**Provided entries:**
..............................

(* If $C\subseteq\mathbb{R}$ is infinite and $|\mathbb{R}\setminus C|=\mathfrak{c}$, then there is a two-point selection $f$ on $\mathbb{R}$ such that $C$ is neither open nor closed in the topology $\tau_f$.
   Context: $\mathfrak{c}=|\mathbb{R}|$. A two-point selection on $\mathbb{R}$ is a function $f$ from the set of two-element subsets of $\mathbb{R}$ to $\mathbb{R}$ with $f(F)\in F$. Write $r<_f s$ if $f(\{r,s\})=r$ ($r\ne s$), $(\leftarrow,r)_f=\{x: x<_f r\}$, $(r,\rightarrow)_f=\{x: r<_f x\}$. The topology $\tau_f$ on $\mathbb{R}$ is generated (as a subbase) by all sets $(\leftarrow,r)_f$, $(r,\rightarrow)_f$, $r\in\mathbb{R}$. *)

theory Defs
  imports "HOL-Analysis.Analysis" "HOL-Library.Equipollence"
begin

text \<open>A two-point selection on the reals: a function on sets whose value on every
  two-element set lies in that set (its values on other sets are irrelevant).\<close>
definition two_point_selection :: "(real set \<Rightarrow> real) \<Rightarrow> bool" where
  "two_point_selection f \<longleftrightarrow> (\<forall>r s. r \<noteq> s \<longrightarrow> f {r, s} \<in> {r, s})"

definition sel_less :: "(real set \<Rightarrow> real) \<Rightarrow> real \<Rightarrow> real \<Rightarrow> bool" where
  "sel_less f r s \<longleftrightarrow> r \<noteq> s \<and> f {r, s} = r"

definition sel_left_ray :: "(real set \<Rightarrow> real) \<Rightarrow> real \<Rightarrow> real set" where
  "sel_left_ray f r = {x. sel_less f x r}"

definition sel_right_ray :: "(real set \<Rightarrow> real) \<Rightarrow> real \<Rightarrow> real set" where
  "sel_right_ray f r = {x. sel_less f r x}"

definition sel_topology :: "(real set \<Rightarrow> real) \<Rightarrow> real topology" where
  "sel_topology f = topology_generated_by
     ((\<lambda>r. sel_left_ray f r) ` UNIV \<union> (\<lambda>r. sel_right_ray f r) ` UNIV)"

end

theory Submission
  imports Defs
begin

text \<open>Selecting from each pair the point with the smaller value of an injective map
  \<open>g :: real \<Rightarrow> real\<close> makes every selection ray the preimage of an open ray, so
  \<open>\<tau>\<^sub>f\<close>-open sets are preimages under \<open>g\<close> of open sets. Hence a point of an open set
  is not a \<open>g\<close>-limit of points outside it. It remains to choose \<open>g\<close> so that some
  \<open>p \<in> C\<close> is a \<open>g\<close>-limit of points outside \<open>C\<close> and some \<open>q \<notin> C\<close> is a \<open>g\<close>-limit of
  points of \<open>C\<close>; for this, only the infinitude of \<open>C\<close> and of its complement is needed.\<close>

lemma arg_min_on_doubleton:
  fixes g :: "real \<Rightarrow> 'a::linorder"
  assumes "inj g" "g r \<le> g s"
  shows "arg_min_on g {r, s} = r"
  unfolding arg_min_on_def
  by (rule arg_min_inj_eq) (use assms in \<open>auto intro: inj_on_subset\<close>)

lemma sel_less_arg_min_on:
  fixes g :: "real \<Rightarrow> 'a::linorder"
  assumes "inj g"
  shows "sel_less (arg_min_on g) x y \<longleftrightarrow> g x < g y"
proof (cases "g x < g y")
  case True
  then show ?thesis
    using arg_min_on_doubleton[OF assms] by (auto simp: sel_less_def)
next
  case False
  then have "arg_min_on g {x, y} = y"
    using arg_min_on_doubleton[OF assms, of y x] by (simp add: insert_commute)
  then show ?thesis
    using False by (auto simp: sel_less_def)
qed

lemma two_point_selection_arg_min_on:
  fixes g :: "real \<Rightarrow> 'a::linorder"
  assumes "inj g"
  shows "two_point_selection (arg_min_on g)"
  unfolding two_point_selection_def
  using arg_min_on_doubleton[OF assms] by (metis insert_commute insertI1 linear)

lemma topspace_sel_topology_arg_min_on:
  fixes g :: "real \<Rightarrow> 'a::linorder"
  assumes "inj g"
  shows "topspace (sel_topology (arg_min_on g)) = UNIV"
proof -
  have "x \<in> sel_left_ray (arg_min_on g) (x + 1) \<union> sel_right_ray (arg_min_on g) (x + 1)" for x
    using injD[OF assms, of x "x + 1"] linorder_neqE[of "g x" "g (x + 1)"]
    by (auto simp: sel_left_ray_def sel_right_ray_def sel_less_arg_min_on[OF assms])
  then show ?thesis
    by (auto simp: sel_topology_def)
qed

lemma openin_pullback_topology_if_openin_sel_topology:
  fixes g :: "real \<Rightarrow> 'a::linorder_topology"
  assumes "inj g" "openin (sel_topology (arg_min_on g)) U"
  shows "openin (pullback_topology UNIV g euclidean) U"
  using assms(2) unfolding sel_topology_def openin_topology_generated_by_iff
proof (rule generate_topology_on_coarsest[rotated 2])
  fix R
  assume "R \<in> range (sel_left_ray (arg_min_on g)) \<union> range (sel_right_ray (arg_min_on g))"
  then obtain r where "R = g -` {..<g r} \<or> R = g -` {g r<..}"
    by (auto simp: sel_left_ray_def sel_right_ray_def sel_less_arg_min_on[OF assms(1)])
  then show "openin (pullback_topology UNIV g euclidean) R"
    by (metis openin_pullback_topology open_openin open_lessThan open_greaterThan Int_UNIV_right)
qed (rule istopology_openin)

lemma eventually_in_openin_sel_topology:
  fixes g :: "real \<Rightarrow> 'a::linorder_topology"
  assumes "inj g" "openin (sel_topology (arg_min_on g)) U" "p \<in> U"
    and "(\<lambda>n. g (x n)) \<longlonglongrightarrow> g p"
  shows "eventually (\<lambda>n. x n \<in> U) sequentially"
proof -
  obtain V where "open V" "U = g -` V"
    using openin_pullback_topology_if_openin_sel_topology[OF assms(1,2)]
    by (auto simp: openin_pullback_topology)
  then show ?thesis
    using topological_tendstoD[OF assms(4)] assms(3) by auto
qed

lemma not_openin_sel_topology_if_limit_from_outside:
  fixes g :: "real \<Rightarrow> 'a::linorder_topology"
  assumes "inj g" "p \<in> U" "\<And>n. x n \<notin> U" "(\<lambda>n. g (x n)) \<longlonglongrightarrow> g p"
  shows "\<not> openin (sel_topology (arg_min_on g)) U"
  using eventually_in_openin_sel_topology[OF assms(1) _ assms(2,4)] assms(3)
  by (metis eventually_sequentially order_refl)

lemma not_closedin_sel_topology_if_limit_from_inside:
  fixes g :: "real \<Rightarrow> 'a::linorder_topology"
  assumes "inj g" "p \<notin> U" "\<And>n. x n \<in> U" "(\<lambda>n. g (x n)) \<longlonglongrightarrow> g p"
  shows "\<not> closedin (sel_topology (arg_min_on g)) U"
  using not_openin_sel_topology_if_limit_from_outside[of g p "- U" x] assms
  by (simp add: closedin_def topspace_sel_topology_arg_min_on Compl_eq_Diff_UNIV)

lemma inj_on_Un_separated:
  assumes "inj_on f A" "inj_on f B" "f ` A \<subseteq> X" "f ` B \<subseteq> Y" "X \<inter> Y = {}"
  shows "inj_on f (A \<union> B)"
  using assms unfolding inj_on_Un by blast

lemma exists_inj_with_crossing_limits:
  fixes a b :: "nat \<Rightarrow> real"
  assumes "inj a" "inj b" "range a \<inter> range b = {}"
  shows "\<exists>g :: real \<Rightarrow> real. inj g \<and> (\<lambda>n. g (a n)) \<longlonglongrightarrow> g (b 0)
           \<and> (\<lambda>n. g (b (Suc n))) \<longlonglongrightarrow> g (a 0)"
proof -
  txt \<open>\<open>g (a n)\<close> increases to \<open>g (b 0) = 1\<close>, \<open>g (b (Suc n))\<close> increases to
    \<open>g (a 0) = 0\<close>, and all remaining points are sent injectively below \<open>-1\<close>.\<close>
  define ga where "ga n = 1 - inverse (real (Suc n))" for n
  define gb where "gb n = (if n = 0 then 1 else - inverse (real (Suc n)))" for n
  define g where "g x = (if x \<in> range a then ga (inv a x)
      else if x \<in> range b then gb (inv b x) else - 1 - exp x)" for x
  have "inj ga"
    by (rule injI) (auto simp: ga_def simp del: of_nat_Suc dest: arg_cong[of _ _ inverse])
  have "inj gb"
    by (rule injI) (auto simp: gb_def split: if_splits simp del: of_nat_Suc
        dest: arg_cong[of _ _ inverse])
  have range_ga: "range ga \<subseteq> {0..<1}"
    by (auto simp: ga_def inverse_le_1_iff)
  have range_gb: "range gb \<subseteq> insert 1 {- 1/2..<0}"
    by (auto simp: gb_def inverse_eq_divide field_simps)
  have g_a: "g (a n) = ga n" for n
    using assms(1) by (simp add: g_def)
  have g_b: "g (b n) = gb n" for n
    using assms(2,3) by (auto simp: g_def)
  have inj_a: "inj_on g (range a)"
    using \<open>inj ga\<close> by (auto intro!: inj_onI simp: g_a dest: injD)
  have inj_b: "inj_on g (range b)"
    using \<open>inj gb\<close> by (auto intro!: inj_onI simp: g_b dest: injD)
  have inj_rest: "inj_on g (- (range a \<union> range b))"
    by (auto intro!: inj_onI simp: g_def)
  have img_a: "g ` range a \<subseteq> {0..<1}"
    using range_ga by (auto simp: g_a)
  have img_b: "g ` range b \<subseteq> insert 1 {- 1/2..<0}"
    using range_gb by (auto simp: g_b)
  have img_rest: "g ` (- (range a \<union> range b)) \<subseteq> {..< -1}"
    by (auto simp: g_def)
  have "inj_on g (range b \<union> - (range a \<union> range b))"
    by (rule inj_on_Un_separated[OF inj_b inj_rest img_b img_rest]) auto
  moreover have "g ` (range b \<union> - (range a \<union> range b)) \<subseteq> insert 1 {- 1/2..<0} \<union> {..< -1}"
    unfolding image_Un by (rule Un_mono[OF img_b img_rest])
  ultimately have "inj_on g (range a \<union> (range b \<union> - (range a \<union> range b)))"
    by (rule inj_on_Un_separated[OF inj_a _ img_a]) auto
  moreover have "range a \<union> (range b \<union> - (range a \<union> range b)) = UNIV"
    by blast
  ultimately have "inj g"
    by (simp only:)
  moreover have "(\<lambda>n. g (a n)) \<longlonglongrightarrow> g (b 0)"
  proof -
    have "(\<lambda>n. g (a n)) = (\<lambda>n. 1 + - inverse (real (Suc n)))"
      by (simp add: g_a ga_def del: of_nat_Suc)
    moreover have "g (b 0) = 1"
      by (simp add: g_b gb_def)
    ultimately show ?thesis
      using LIMSEQ_inverse_real_of_nat_add_minus[of 1] by (simp only:)
  qed
  moreover have "(\<lambda>n. g (b (Suc n))) \<longlonglongrightarrow> g (a 0)"
  proof -
    have "(\<lambda>n. g (b (Suc n))) = (\<lambda>n. - inverse (real (Suc (Suc n))))"
      by (simp add: g_b gb_def del: of_nat_Suc)
    moreover have "g (a 0) = - 0"
      by (simp add: g_a ga_def)
    ultimately show ?thesis
      using tendsto_minus[OF LIMSEQ_inverse_real_of_nat, THEN LIMSEQ_Suc] by (simp only:)
  qed
  ultimately show ?thesis
    by blast
qed

theorem theorem3p15:
  fixes C :: "real set"
  assumes "infinite C"
    and "(UNIV - C) \<approx> (UNIV :: real set)"
  shows "\<exists>f. two_point_selection f \<and>
           \<not> openin (sel_topology f) C \<and> \<not> closedin (sel_topology f) C"
proof -
  obtain a :: "nat \<Rightarrow> real" where "inj a" "range a \<subseteq> C"
    using infinite_countable_subset[OF assms(1)] by blast
  have "infinite (UNIV - C)"
    using assms(2) eqpoll_finite_iff infinite_UNIV_char_0 by blast
  then obtain b :: "nat \<Rightarrow> real" where "inj b" "range b \<subseteq> UNIV - C"
    using infinite_countable_subset by blast
  then obtain g :: "real \<Rightarrow> real" where g: "inj g"
    "(\<lambda>n. g (a n)) \<longlonglongrightarrow> g (b 0)" "(\<lambda>n. g (b (Suc n))) \<longlonglongrightarrow> g (a 0)"
    using exists_inj_with_crossing_limits[OF \<open>inj a\<close> \<open>inj b\<close>] \<open>range a \<subseteq> C\<close> by blast
  have "\<not> openin (sel_topology (arg_min_on g)) C"
    using not_openin_sel_topology_if_limit_from_outside[OF g(1) _ _ g(3)]
      \<open>range a \<subseteq> C\<close> \<open>range b \<subseteq> UNIV - C\<close> by blast
  moreover have "\<not> closedin (sel_topology (arg_min_on g)) C"
    using not_closedin_sel_topology_if_limit_from_inside[OF g(1) _ _ g(2)]
      \<open>range a \<subseteq> C\<close> \<open>range b \<subseteq> UNIV - C\<close> by blast
  ultimately show ?thesis
    using two_point_selection_arg_min_on[OF g(1)] by blast
qed

end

..............................

**Assignment:**
Report every line of the material above in which "euclidean" appears.

**Exercise response:**
  shows "openin (pullback_topology UNIV g euclidean) U"
  then show "openin (pullback_topology UNIV g euclidean) R"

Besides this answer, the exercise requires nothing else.